=== WHAT THE TASK ASKS ===
Find every line of the records that has "real" and return it.

Records from a collection
──────

(* For every $T$, every sequence of forecasts $\mathbf p\in[0,1]^T$ and every sequence of outcomes $\mathbf x\in\{0,1\}^T$, $$\tfrac12\,\mathrm{MaxAgentReg}(\mathbf p,\mathbf x)\le \mathrm{VCal}(\mathbf p,\mathbf x)\le \mathrm{MaxAgentReg}(\mathbf p,\mathbf x).$$
   Context: A binary scoring rule is $\ell:[0,1]\times\{0,1\}\to\mathbb R$; with $\ell(p;q)=(1-q)\ell(p,0)+q\ell(p,1)$ it is proper if $\ell(p;p)\le\ell(p';p)$ for all $p,p'$. Let $\mathcal L$ be the set of proper scoring rules with values in $[-1,1]$. For $\beta=\frac1T\sum_tx_t$, $\mathrm{Reg}_\ell(\mathbf p,\mathbf x)=\sum_t\ell(p_t,x_t)-\sum_t\ell(\beta,x_t)$, and the U-calibration error is $\mathrm{MaxAgentReg}(\mathbf p,\mathbf x)=\sup_{\ell\in\mathcal L}\mathrm{Reg}_\ell(\mathbf p,\mathbf x)$. For $v\in[0,1]$ the V-shaped scoring rule $\ell_v$ is defined by $\ell_v(p,0)=v\,\mathrm{sgn}(p-v)$ and $\ell_v(p,1)=(1-v)\,\mathrm{sgn}(v-p)$, where $\mathrm{sgn}(0)=0$; its univariate form is $\ell_v(p;p)=-|p-v|$. The V-calibration error is $\mathrm{VCal}(\mathbf p,\mathbf x)=\sup_{v\in[0,1]}\mathrm{Reg}_{\ell_v}(\mathbf p,\mathbf x)$. *)

theory Defs
  imports "HOL-Analysis.Analysis"
begin

(* A binary scoring rule: l p y for forecast p and outcome y (True = 1, False = 0). *)
type_synonym scoring_rule = "real \<Rightarrow> bool \<Rightarrow> real"

definition exp_score :: "scoring_rule \<Rightarrow> real \<Rightarrow> real \<Rightarrow> real" where
  "exp_score l p q = (1 - q) * l p False + q * l p True"

definition proper :: "scoring_rule \<Rightarrow> bool" where
  "proper l \<longleftrightarrow> (\<forall>p\<in>{0..1}. \<forall>p'\<in>{0..1}. exp_score l p p \<le> exp_score l p' p)"

definition bounded_proper_rules :: "scoring_rule set" where
  "bounded_proper_rules = {l. proper l \<and> (\<forall>p\<in>{0..1}. \<forall>y. l p y \<in> {-1..1})}"

definition of_outcome :: "bool \<Rightarrow> real" where
  "of_outcome y = (if y then 1 else 0)"

definition beta :: "nat \<Rightarrow> (nat \<Rightarrow> bool) \<Rightarrow> real" where
  "beta T x = (\<Sum>t<T. of_outcome (x t)) / real T"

──────

=== ANSWER SECTION ===
type_synonym scoring_rule = "real \<Rightarrow> bool \<Rightarrow> real"
definition exp_score :: "scoring_rule \<Rightarrow> real \<Rightarrow> real \<Rightarrow> real" where
definition of_outcome :: "bool \<Rightarrow> real" where
definition beta :: "nat \<Rightarrow> (nat \<Rightarrow> bool) \<Rightarrow> real" where
  "beta T x = (\<Sum>t<T. of_outcome (x t)) / real T"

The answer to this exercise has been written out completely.